Let alone the accolades it has won, “Life of Pi,” for close followers of the director’s eventful career, illustrates his famous commitment to the task at hand, and his spiritual bent.
Novice Indian actor Suraj Sharma, 17 at the time he played the lead role, said of his “director, mentor and guru” in an interview: “I can’t explain what it’s like to work with Ang. He does something to you.”
Lee unabashedly returned the affection. He might have been a father figure to Sharma, the director said, “But we took this journey together… and he inspired me with his innocence.”

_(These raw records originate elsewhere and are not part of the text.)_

text \<open>
  Put A = M-hat\<dagger>(I) and B = M\<dagger>(N\<dagger>(A)). Because M\<dagger>(I) = N\<dagger>(I) = I and all three maps are
  self-adjoint for the s-inner product, alpha_0j = <Y_j, A>_s and alpha_j0 = <B, Y_j>_s; hence
  Cauchy-Schwarz in the orthonormal basis gives SC \<le> |A| |B|, while Cov = <I, M-hat\<dagger>(A)>_s = |A|^2.
  Detailed balance conjugates eigenvectors of N\<dagger> into eigenvectors of N (through
  \<rho>^s X \<rho>^(1-s)), so the spectrum condition on N yields 0 \<le> N\<dagger> \<le> 1 as quadratic forms, and
  |B| \<le> |A| follows from Cauchy-Schwarz for the form <X, N\<dagger> Z>_s together with
  <B, E\<dagger> B>_s \<le> |B|^2, i.e. lambda_i \<le> 1.
\<close>

section \<open>Real quadratic forms\<close>

lemma quadratic_nonpos_imp_linear_coeff_zero:
  fixes a b :: real
  assumes nonpos: "\<And>t. 2 * t * a + t\<^sup>2 * b \<le> 0" and "0 \<le> a"
  shows "a = 0"
proof (rule ccontr)
  assume "a \<noteq> 0"
  with \<open>0 \<le> a\<close> have "0 < a" by simp
  define t where "t = a / (\<bar>b\<bar> + 1)"
  have "0 < t" using \<open>0 < a\<close> by (simp add: t_def add_pos_nonneg)
  have "t * (\<bar>b\<bar> + 1) = a" by (simp add: t_def add_pos_nonneg)
  hence "t * \<bar>b\<bar> < a" using \<open>0 < t\<close> by (simp add: distrib_left)
  hence "t * t * \<bar>b\<bar> < t * a" using \<open>0 < t\<close> by (simp add: mult.assoc)
  moreover have "- (t * t * \<bar>b\<bar>) \<le> t\<^sup>2 * b"
    using mult_left_mono[of "- \<bar>b\<bar>" b "t * t"] by (simp add: power2_eq_square)
  moreover have "0 < t * a" using \<open>0 < t\<close> \<open>0 < a\<close> by simp
  ultimately have "0 < 2 * t * a + t\<^sup>2 * b" by linarith
  with nonpos[of t] show False by linarith
qed

lemma bilinear_form_cauchy_schwarz:
  fixes g :: "'v::real_vector \<Rightarrow> 'v \<Rightarrow> real"
  assumes bil: "bilinear g" and sym: "\<And>x y. g x y = g y x" and psd: "\<And>x. 0 \<le> g x x"
  shows "(g x y)\<^sup>2 \<le> g x x * g y y"
proof -
  have quad: "0 \<le> g x x + 2 * t * g x y + t\<^sup>2 * g y y" for t
    using psd[of "x + t *\<^sub>R y"] sym[of y x]
      bilinear_ladd[OF bil] bilinear_radd[OF bil] bilinear_lmul[OF bil] bilinear_rmul[OF bil]
    by (simp add: power2_eq_square algebra_simps)
  show ?thesis
  proof (cases "g y y = 0")
    case True
    have "g x y = 0"
    proof (rule ccontr)
      assume "g x y \<noteq> 0"
      have "0 \<le> g x x + 2 * (- (g x x + 1) / (2 * g x y)) * g x y"
        using quad[of "- (g x x + 1) / (2 * g x y)"] True by simp
      also have "\<dots> = -1" using \<open>g x y \<noteq> 0\<close> by (simp add: field_simps)
      finally show False by simp
    qed
    thus ?thesis using True by simp
  next
    case False
    with psd[of y] have "0 < g y y" by simp
    have "0 \<le> g x x + 2 * (- g x y / g y y) * g x y + (- g x y / g y y)\<^sup>2 * g y y"
      by (rule quad)
    also have "\<dots> = g x x - (g x y)\<^sup>2 / g y y"
      using \<open>0 < g y y\<close> by (simp add: field_simps power2_eq_square)
    finally show ?thesis using \<open>0 < g y y\<close> by (simp add: divide_le_eq mult.commute)
  qed
qed

text \<open>Perturbing x along w = T x - m x: the quadratic t \<mapsto> 2 t g(w,w) + t^2 (\<dots>) is \<le> 0,
  which forces g(w,w) = 0.\<close>

lemma selfadjoint_rayleigh_max_imp_eigenvector:
  fixes T :: "'v::real_vector \<Rightarrow> 'v" and g :: "'v \<Rightarrow> 'v \<Rightarrow> real"
  assumes bil: "bilinear g" and sym: "\<And>x y. g x y = g y x"
    and nonneg: "\<And>x. 0 \<le> g x x" and definite: "\<And>x. g x x = 0 \<longleftrightarrow> x = 0"
    and lin: "linear T" and sa: "\<And>x y. g x (T y) = g (T x) y"
    and S: "subspace S" and inv: "T ` S \<subseteq> S" and "x \<in> S"
    and bound: "\<And>z. z \<in> S \<Longrightarrow> g z (T z) \<le> m * g z z" and eqx: "g x (T x) = m * g x x"
  shows "T x = m *\<^sub>R x"
proof -
  define w where "w = T x - m *\<^sub>R x"
  have "w \<in> S" unfolding w_def using S \<open>x \<in> S\<close> inv by (simp add: subspace_diff subspace_scale image_subset_iff)
  have gw: "g w (T x) - m * g w x = g w w" unfolding w_def
    using bilinear_rsub[OF bil] bilinear_rmul[OF bil] by simp
  have "2 * t * g w w + t\<^sup>2 * (g w (T w) - m * g w w) \<le> 0" for t
  proof -
    have "x + t *\<^sub>R w \<in> S" using S \<open>x \<in> S\<close> \<open>w \<in> S\<close> by (simp add: subspace_add subspace_scale)
    moreover have "g (x + t *\<^sub>R w) (T (x + t *\<^sub>R w)) = g x (T x) + 2 * t * g w (T x) + t\<^sup>2 * g w (T w)"
      using bilinear_ladd[OF bil] bilinear_radd[OF bil] bilinear_lmul[OF bil] bilinear_rmul[OF bil]
        linear_add[OF lin] linear_cmul[OF lin] sa[of x w] sym[of x "T w"] sym[of "T x" w]
      by (simp add: power2_eq_square algebra_simps)
    moreover have "g (x + t *\<^sub>R w) (x + t *\<^sub>R w) = g x x + 2 * t * g w x + t\<^sup>2 * g w w"
      using bilinear_ladd[OF bil] bilinear_radd[OF bil] bilinear_lmul[OF bil] bilinear_rmul[OF bil] sym[of x w]
      by (simp add: power2_eq_square algebra_simps)
    ultimately show ?thesis using bound[of "x + t *\<^sub>R w"] eqx gw by (simp add: algebra_simps)
  qed
  hence "g w w = 0" using quadratic_nonpos_imp_linear_coeff_zero nonneg by blast
  thus ?thesis using definite unfolding w_def by simp
qed

lemma selfadjoint_rayleigh_eigenvector:
  fixes T :: "'v::euclidean_space \<Rightarrow> 'v" and g :: "'v \<Rightarrow> 'v \<Rightarrow> real"
  assumes bil: "bilinear g" and sym: "\<And>x y. g x y = g y x"
    and nonneg: "\<And>x. 0 \<le> g x x" and definite: "\<And>x. g x x = 0 \<longleftrightarrow> x = 0"
    and lin: "linear T" and sa: "\<And>x y. g x (T y) = g (T x) y"
    and S: "subspace S" and inv: "T ` S \<subseteq> S" and ne: "\<exists>y\<in>S. y \<noteq> 0"
  obtains x m where "x \<in> S" "x \<noteq> 0" "T x = m *\<^sub>R x" "\<And>z. z \<in> S \<Longrightarrow> g z (T z) \<le> m * g z z"
proof -
  have pos: "0 < g x x" if "x \<noteq> 0" for x using nonneg[of x] definite[of x] that by linarith
  define K where "K = S \<inter> sphere 0 1"
  have "compact K" unfolding K_def
    using S closed_subspace compact_sphere by (metis Int_commute compact_Int_closed)
  obtain y where y: "y \<in> S" "y \<noteq> 0" using ne by blast
  hence "(1 / norm y) *\<^sub>R y \<in> K" unfolding K_def using S by (auto simp: subspace_scale)
  hence "K \<noteq> {}" by blast
  have "0 \<notin> K" unfolding K_def by auto
  define h where "h z = g z (T z) / g z z" for z
  have bb: "bounded_bilinear g" using bil bilinear_conv_bounded_bilinear by blast
  have "continuous_on UNIV T" using lin by (simp add: linear_continuous_on linear_conv_bounded_linear)
  moreover have "g z z \<noteq> 0" if "z \<in> K" for z
    using pos[of z] that \<open>0 \<notin> K\<close> by fastforce
  ultimately have "continuous_on K h" unfolding h_def
    by (intro continuous_on_divide bounded_bilinear.continuous_on[OF bb])
      (auto intro: continuous_on_subset continuous_on_id)
  then obtain x where "x \<in> K" and xmax: "\<forall>z\<in>K. h z \<le> h x"
    using continuous_attains_sup[OF \<open>compact K\<close> \<open>K \<noteq> {}\<close>] by blast
  define m where "m = h x"
  have "x \<in> S" "x \<noteq> 0" using \<open>x \<in> K\<close> \<open>0 \<notin> K\<close> unfolding K_def by auto
  have bound: "g z (T z) \<le> m * g z z" if "z \<in> S" for z
  proof (cases "z = 0")
    case True thus ?thesis using bilinear_lzero[OF bil] by simp
  next
    case False
    define c where "c = 1 / norm z"
    have "c *\<^sub>R z \<in> K" unfolding K_def c_def using \<open>z \<in> S\<close> S False by (auto simp: subspace_scale)
    hence "h (c *\<^sub>R z) \<le> m" using xmax m_def by blast
    moreover have "h (c *\<^sub>R z) = h z" unfolding h_def using False
      by (simp add: c_def bilinear_lmul[OF bil] bilinear_rmul[OF bil] linear_cmul[OF lin])
    ultimately show ?thesis unfolding h_def using pos[OF False] by (simp add: divide_le_eq)
  qed
  moreover have "g x (T x) = m * g x x" unfolding m_def h_def using pos[OF \<open>x \<noteq> 0\<close>] by simp
  ultimately have "T x = m *\<^sub>R x"
    by (intro selfadjoint_rayleigh_max_imp_eigenvector[where g = g and T = T and S = S,
          OF bil sym nonneg definite lin sa S inv \<open>x \<in> S\<close>])
  show thesis by (rule that[OF \<open>x \<in> S\<close> \<open>x \<noteq> 0\<close> \<open>T x = m *\<^sub>R x\<close> bound])
qed

lemma selfadjoint_quadratic_form_le:
  fixes T :: "'v::euclidean_space \<Rightarrow> 'v" and g :: "'v \<Rightarrow> 'v \<Rightarrow> real"
  assumes bil: "bilinear g" and sym: "\<And>x y. g x y = g y x" and nonneg: "\<And>x. 0 \<le> g x x" and definite: "\<And>x. g x x = 0 \<longleftrightarrow> x = 0"
    and lin: "linear T" and sa: "\<And>x y. g x (T y) = g (T x) y"
    and eig: "\<And>x m. x \<noteq> 0 \<Longrightarrow> T x = m *\<^sub>R x \<Longrightarrow> m \<le> b"
  shows "g z (T z) \<le> b * g z z"
proof -
  have "\<exists>y\<in>UNIV. y \<noteq> (0::'v)" using nonzero_Basis nonempty_Basis by blast
  then obtain x m where "x \<in> UNIV" "x \<noteq> 0" "T x = m *\<^sub>R x"
    and max: "\<And>y. y \<in> UNIV \<Longrightarrow> g y (T y) \<le> m * g y y"
    by (rule selfadjoint_rayleigh_eigenvector[where g = g and T = T and S = UNIV,
          OF bil sym nonneg definite lin sa subspace_UNIV subset_UNIV])
      (rule that)
  have "g z (T z) \<le> m * g z z" by (rule max) simp
  also have "\<dots> \<le> b * g z z" using eig[OF \<open>x \<noteq> 0\<close> \<open>T x = m *\<^sub>R x\<close>] nonneg
    by (rule mult_right_mono)
  finally show ?thesis .
qed

lemma selfadjoint_quadratic_form_ge:
  fixes T :: "'v::euclidean_space \<Rightarrow> 'v" and g :: "'v \<Rightarrow> 'v \<Rightarrow> real"
  assumes bil: "bilinear g" and sym: "\<And>x y. g x y = g y x" and nonneg: "\<And>x. 0 \<le> g x x" and definite: "\<And>x. g x x = 0 \<longleftrightarrow> x = 0"
    and lin: "linear T" and sa: "\<And>x y. g x (T y) = g (T x) y"
    and eig: "\<And>x m. x \<noteq> 0 \<Longrightarrow> T x = m *\<^sub>R x \<Longrightarrow> a \<le> m"
  shows "a * g z z \<le> g z (T z)"
proof -
  have "g z (- T z) \<le> (- a) * g z z"
  proof (rule selfadjoint_quadratic_form_le[where g = g and T = "\<lambda>y. - T y",
        OF bil sym nonneg definite])
    show "linear (\<lambda>y. - T y)" using lin by (simp add: linear_compose_neg)
    show "g x (- T y) = g (- T x) y" for x y
      by (simp add: bilinear_rneg[OF bil] bilinear_lneg[OF bil] sa)
    show "m \<le> - a" if "x \<noteq> 0" and "- T x = m *\<^sub>R x" for x m
    proof -
      have "T x = (- m) *\<^sub>R x" using arg_cong[OF that(2), of uminus] by simp
      thus ?thesis using eig[OF \<open>x \<noteq> 0\<close>] by fastforce
    qed
  qed
  thus ?thesis using bilinear_rneg[OF bil] by simp
qed

text \<open>For 0 \<le> N \<le> 1 the form x, y \<mapsto> g x (N y) is positive semidefinite, and Cauchy-Schwarz for it
  gives (g b b)^2 = (g a (N (M b)))^2 \<le> g a (N a) * g (M b) (N (M b)) \<le> g a a * g b b for b = M (N a).\<close>

lemma selfadjoint_sandwich_le:
  fixes g :: "'v::real_vector \<Rightarrow> 'v \<Rightarrow> real"
  assumes bil: "bilinear g" and sym: "\<And>x y. g x y = g y x" and psd: "\<And>x. 0 \<le> g x x"
    and N_lin: "linear N" and N_sa: "\<And>x y. g x (N y) = g (N x) y"
    and N_nonneg: "\<And>x. 0 \<le> g x (N x)" and N_le: "\<And>x. g x (N x) \<le> g x x"
    and M_sa: "\<And>x y. g x (M y) = g (M x) y" and MNM_le: "\<And>x. g x (M (N (M x))) \<le> g x x"
  shows "g (M (N a)) (M (N a)) \<le> g a a"
proof -
  define b where "b = M (N a)"
  define \<psi> where "\<psi> x y = g x (N y)" for x y
  have \<psi>_bil: "bilinear \<psi>"
    using bil N_lin unfolding bilinear_def \<psi>_def by (auto intro: linear_compose[unfolded o_def])
  have \<psi>_sym: "\<psi> x y = \<psi> y x" for x y unfolding \<psi>_def using N_sa sym by metis
  have "g b b = g (M (N a)) b" by (simp add: b_def)
  also have "\<dots> = g (N a) (M b)" by (rule M_sa[symmetric])
  also have "\<dots> = \<psi> a (M b)" unfolding \<psi>_def by (rule N_sa[symmetric])
  finally have "(g b b)\<^sup>2 = (\<psi> a (M b))\<^sup>2" by simp
  also have "\<dots> \<le> \<psi> a a * \<psi> (M b) (M b)"
    by (rule bilinear_form_cauchy_schwarz[OF \<psi>_bil \<psi>_sym]) (simp add: \<psi>_def N_nonneg)
  also have "\<dots> \<le> g a a * g b b"
  proof (rule mult_mono)
    show "\<psi> a a \<le> g a a" unfolding \<psi>_def by (rule N_le)
    have "\<psi> (M b) (M b) = g b (M (N (M b)))" unfolding \<psi>_def by (rule M_sa[symmetric])
    thus "\<psi> (M b) (M b) \<le> g b b" using MNM_le by simp
    show "0 \<le> g a a" "0 \<le> \<psi> (M b) (M b)" unfolding \<psi>_def by (rule psd N_nonneg)+
  qed
  finally have "(g b b)\<^sup>2 \<le> g a a * g b b" .
  thus ?thesis using psd[of a] psd[of b] unfolding b_def[symmetric]
    by (cases "g b b = 0") (auto simp: power2_eq_square)
qed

More than once, Lee has told the story of the last shooting day, how he didn’t give Sharma a ladder from a two-story perch (they had just filmed the “glowing fruits” scene) so the boy couldn’t come down. The crew gathered on the ground, looking up, and proceeded to tell Sharma how much they loved and appreciated him. “He broke down,” Lee related. But in videos of that day uploaded on YouTube, it is Lee who is shown shedding tears.
Lee’s awarded landmark films also include “Brokeback Mountain” (2005), “Crouching Tiger, Hidden Dragon” (2000) and “Sense and Sensibility” (1995).

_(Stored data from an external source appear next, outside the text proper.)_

(* G t + r i e^(i ph t) is the centre of the circle of radius r touching the curve at G t on its
   concave side; normal_height is its coordinate orthogonal to the direction \<psi>. *)
definition normal_height :: "real \<Rightarrow> real \<Rightarrow> real \<Rightarrow> real" where
  "normal_height \<psi> r t = Im ((G t + r * \<i> * cis (ph t)) * cis (- \<psi>))"

lemma normal_height_eq: "normal_height \<psi> r t = Im (G t * cis (- \<psi>)) + r * cos (ph t - \<psi>)"
  by (simp add: normal_height_def distrib_right mult.assoc cis_mult)

lemma normal_height_deriv:
  assumes "t \<in> {a..b}"
  shows "(normal_height \<psi> r has_real_derivative sp t * (1 - r * k t) * sin (ph t - \<psi>))
    (at t within {a..b})"
proof -
  have "((\<lambda>t. Im (G t * cis (- \<psi>))) has_real_derivative Im (sp t * cis (ph t) * cis (- \<psi>)))
      (at t within {a..b})"
    by (intro has_field_derivative_Im has_vector_derivative_mult_left G_deriv assms)
  moreover have "((\<lambda>t. r * cos (ph t - \<psi>)) has_real_derivative r * (- sin (ph t - \<psi>) * (k t * sp t)))
      (at t within {a..b})"
    by (auto intro!: derivative_eq_intros ph_deriv assms)
  ultimately show ?thesis
    unfolding normal_height_eq[abs_def]
    by (rule DERIV_add[THEN DERIV_cong]) (simp add: cis_mult algebra_simps sin_diff)
qed

lemma normal_height_strict_decreasing:
  assumes "a \<le> x" "x < y" "y \<le> b"
    and neg: "\<And>t. x < t \<Longrightarrow> t < y \<Longrightarrow> sp t * (1 - r * k t) * sin (ph t - \<psi>) < 0"
  shows "normal_height \<psi> r y < normal_height \<psi> r x"
proof (rule DERIV_neg_imp_decreasing_open[OF \<open>x < y\<close>])
  fix t assume "x < t" "t < y"
  then show "\<exists>d. (normal_height \<psi> r has_real_derivative d) (at t) \<and> d < 0"
    using has_real_derivative_within_Icc_restrict(1)[OF normal_height_deriv, of x y t] assms neg by blast
qed (rule has_real_derivative_within_Icc_restrict(2)[OF normal_height_deriv], use assms in auto)

lemma normal_height_decreasing:
  assumes "a \<le> x" "x \<le> y" "y \<le> b"
    and nonpos: "\<And>t. x < t \<Longrightarrow> t < y \<Longrightarrow> sp t * (1 - r * k t) * sin (ph t - \<psi>) \<le> 0"
  shows "normal_height \<psi> r y \<le> normal_height \<psi> r x"
proof (rule DERIV_nonpos_imp_decreasing_open[OF \<open>x \<le> y\<close>])
  fix t assume "x < t" "t < y"
  then show "\<exists>d. (normal_height \<psi> r has_real_derivative d) (at t) \<and> d \<le> 0"
    using has_real_derivative_within_Icc_restrict(1)[OF normal_height_deriv, of x y t] assms nonpos by blast
qed (rule has_real_derivative_within_Icc_restrict(2)[OF normal_height_deriv], use assms in auto)

end

(* Traversing the curve backwards and reflecting it keeps the curvature positive; this turns
   bounds at the end of a chord into bounds at its start. *)
lemma turning_curve_reflect:
  assumes "turning_curve G ph sp k a b"
  shows "turning_curve (\<lambda>t. cnj (G (- t))) (\<lambda>t. pi - ph (- t)) (\<lambda>t. sp (- t)) (\<lambda>t. k (- t)) (- b) (- a)"
proof
  interpret turning_curve G ph sp k a b by fact
  fix t assume t: "t \<in> {- b..- a}"
  have im: "uminus ` {- b..- a} = {a..b :: real}" by auto
  have neg: "(uminus has_real_derivative - 1) (at t within {- b..- a})"
    by (auto intro!: derivative_eq_intros)
  have "(G has_vector_derivative sp (- t) * cis (ph (- t))) (at (- t) within uminus ` {- b..- a})"
    unfolding im using G_deriv t by auto
  from vector_diff_chain_within[OF neg[unfolded has_real_derivative_iff_has_vector_derivative] this]
  have "((\<lambda>t. cnj (G (- t))) has_vector_derivative - cnj (sp (- t) * cis (ph (- t))))
      (at t within {- b..- a})"
    using has_vector_derivative_cnj by (fastforce simp: o_def)
  moreover have "- cnj (sp (- t) * cis (ph (- t))) = sp (- t) * cis (pi - ph (- t))"
  proof -
    have "- cis (- ph (- t)) = cis (pi - ph (- t))" using minus_cis[of "- ph (- t)"] by (simp add: add.commute)
    then show ?thesis by (metis mult_minus_right cis_cnj complex_cnj_mult complex_cnj_complex_of_real)
  qed
  ultimately show "((\<lambda>t. cnj (G (- t))) has_vector_derivative sp (- t) * cis (pi - ph (- t)))
      (at t within {- b..- a})"
    by simp
  have "((ph \<circ> uminus) has_real_derivative k (- t) * sp (- t) * - 1) (at t within {- b..- a})"
    using DERIV_image_chain[OF _ neg] ph_deriv[of "- t"] t unfolding im by auto
  then show "((\<lambda>t. pi - ph (- t)) has_real_derivative k (- t) * sp (- t)) (at t within {- b..- a})"
    by (auto intro!: derivative_eq_intros simp: o_def)
  show "0 < sp (- t)" "0 < k (- t)" using t sp_pos k_pos by auto
qed

context turning_curve
begin

lemma chord_lower_bound_at_end:
  fixes L :: real
  assumes "a \<le> ta" "ta < tb" "tb \<le> b" "ph tb - ph ta < pi"
    and chord: "G tb - G ta = L * cis (ph tb - \<beta>)"
    and flat: "\<And>t. t \<in> {ta<..<tb} \<Longrightarrow> r * k t < 1"
  shows "r * (1 - cos (ph tb - ph ta)) < L * sin \<beta>"
proof -
  have "normal_height (ph tb) r tb < normal_height (ph tb) r ta"
  proof (rule normal_height_strict_decreasing[OF assms(1-3)])
    fix t assume t: "ta < t" "t < tb"
    have "0 < sin (ph tb - ph t)"
      using ph_less[of ta t] ph_less[of t tb] t assms by (intro sin_gt_zero) auto
    moreover have "0 < sp t * (1 - r * k t)" using sp_pos[of t] flat[of t] t assms by simp
    ultimately show "sp t * (1 - r * k t) * sin (ph t - ph tb) < 0"
      by (metis minus_diff_eq sin_minus mult_pos_pos neg_less_0_iff_less mult_minus_right)
  qed
  moreover have "cos (ph ta - ph tb) = cos (ph tb - ph ta)" by (metis cos_minus minus_diff_eq)
  ultimately show ?thesis
    using Im_mult_cis_of_diff[OF chord, of "- ph tb"] by (simp add: normal_height_eq algebra_simps)
qed

lemma reflected_chord:
  fixes L :: real
  assumes "G tb - G ta = L * cis (ph tb - \<beta>)"
  shows "cnj (G ta) - cnj (G tb) = L * cis (pi - ph ta - (ph tb - ph ta - \<beta>))"
proof -
  have "cnj (G ta) - cnj (G tb) = - cnj (L * cis (ph tb - \<beta>))"
    by (metis assms complex_cnj_diff minus_diff_eq)
  also have "\<dots> = L * cis (pi - ph ta - (ph tb - ph ta - \<beta>))"
    using minus_cis[of "\<beta> - ph tb"]
    by (simp add: cis_cnj add.commute) (metis mult_minus_right)
  finally show ?thesis .
qed

lemma chord_lower_bound_at_start:
  fixes L :: real
  assumes "a \<le> ta" "ta < tb" "tb \<le> b" "ph tb - ph ta < pi"
    and chord: "G tb - G ta = L * cis (ph tb - \<beta>)"
    and flat: "\<And>t. t \<in> {ta<..<tb} \<Longrightarrow> r * k t < 1"
  shows "r * (1 - cos (ph tb - ph ta)) < L * sin (ph tb - ph ta - \<beta>)"
proof -
  interpret reflected: turning_curve "\<lambda>t. cnj (G (- t))" "\<lambda>t. pi - ph (- t)" "\<lambda>t. sp (- t)" "\<lambda>t. k (- t)" "- b" "- a"
    by (rule turning_curve_reflect) unfold_locales
  show ?thesis
    using reflected.chord_lower_bound_at_end[where ta="- tb" and tb="- ta" and \<beta>="ph tb - ph ta - \<beta>"]
      assms reflected_chord[OF chord] by auto
qed

lemma chord_direction:
  assumes "a \<le> ta" "ta < tb" "tb \<le> b" "ph tb - ph ta < pi" "G ta \<noteq> G tb"
  obtains L \<beta> :: real where "0 < L" "0 < \<beta>" "\<beta> < ph tb - ph ta" "G tb - G ta = L * cis (ph tb - \<beta>)"
proof -
  define Z where "Z = (G tb - G ta) * cis (- ph tb)"
  define L where "L = cmod Z"
  define \<beta> where "\<beta> = - Arg Z"
  have "0 < L" using assms(5) by (simp add: L_def Z_def norm_mult)
  have "G tb - G ta = Z * cis (ph tb)" by (simp add: Z_def mult.assoc cis_mult)
  also have "Z = L * cis (- \<beta>)" using rcis_cmod_Arg[of Z] by (simp add: rcis_def L_def \<beta>_def)
  finally have chord: "G tb - G ta = L * cis (ph tb - \<beta>)" by (simp add: mult.assoc cis_mult)
  have "- pi \<le> \<beta>" "\<beta> < pi" using Arg_bounded[of Z] by (auto simp: \<beta>_def)
  moreover have "0 < sin \<beta>"
    using chord_lower_bound_at_end[OF assms(1-4) chord, of 0] \<open>0 < L\<close> by (simp add: zero_less_mult_iff)
  ultimately have "0 < \<beta>" by (rule sin_pos_imp_pos)
  have "0 < sin (ph tb - ph ta - \<beta>)"
    using chord_lower_bound_at_start[OF assms(1-4) chord, of 0] \<open>0 < L\<close> by (simp add: zero_less_mult_iff)
  moreover have "- pi \<le> ph tb - ph ta - \<beta>" "ph tb - ph ta - \<beta> < pi"
    using \<open>\<beta> < pi\<close> \<open>0 < \<beta>\<close> assms(4) ph_less[OF assms(1-3)] by linarith+
  ultimately have "0 < ph tb - ph ta - \<beta>" using sin_pos_imp_pos by blast
  then show ?thesis using that[OF \<open>0 < L\<close> \<open>0 < \<beta>\<close> _ chord] by simp
qed

lemma reach_tangent_direction:
  assumes "a \<le> ta" "ta < tb" "tb \<le> b" "ph tb - ph ta < pi" "\<psi> < ph tb"
  obtains ts where "ta \<le> ts" "ts < tb" "\<psi> \<le> ph ts" "normal_height \<psi> 0 ts \<le> normal_height \<psi> 0 ta"
proof (cases "ph ta \<le> \<psi>")
  case True
  have "continuous_on {ta..tb} ph"
    using has_real_derivative_within_Icc_restrict(2)[OF ph_deriv] assms by auto
  then obtain ts where ts: "ta \<le> ts" "ts \<le> tb" "ph ts = \<psi>"
    using IVT'[of ph ta \<psi> tb] True assms by auto
  then have "ts < tb" using assms(5) by (cases "ts = tb") auto
  have "normal_height \<psi> 0 ts \<le> normal_height \<psi> 0 ta"
  proof (rule normal_height_decreasing)
    fix t assume t: "ta < t" "t < ts"
    have "ph ta < ph t" "ph t < ph ts" using ph_less[of ta t] ph_less[of t ts] t ts assms by auto
    then have "0 < sin (\<psi> - ph t)" using ts assms by (intro sin_gt_zero) auto
    then have "sin (ph t - \<psi>) < 0" by (metis minus_diff_eq sin_minus neg_less_0_iff_less)
    then show "sp t * (1 - 0 * k t) * sin (ph t - \<psi>) \<le> 0"
      using sp_pos[of t] t ts assms by (simp add: mult_pos_neg less_imp_le)
  qed (use ts assms in auto)
  then show ?thesis using that ts \<open>ts < tb\<close> by simp
next
  case False
  then show ?thesis using that[of ta] assms by simp
qed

“A Salute to Ang Lee,” a two-part tribute today and tomorrow at SM Aura in Bonifacio Global City, is the first event of its kind to be hosted by the Taipei Economic and Cultural Office (Teco) in the Philippines, said Republic of China (Taiwan) Ambassador Raymond LS Wang. “Ang Lee, who grew up in Taiwan, is the most successful Asian filmmaker to date, with 12 Oscar awards and nine Golden Globes, which have secured his position among the greatest directors of our era,” Wang said.
And “Life of Pi,” much of which was shot in Taiwan, was “like coming full circle” for Lee: “Taiwan is like my floating island. I’ve been adrift, floating like Pi, all my life.”
The invitational screening at 4 p.m. will be followed by an open forum with Filipino filmmakers Tikoy Aguiluz, Brillante Ma. Mendoza and Erik Matti. Teco will host a formal buffet dinner for their guest of honor tomorrow.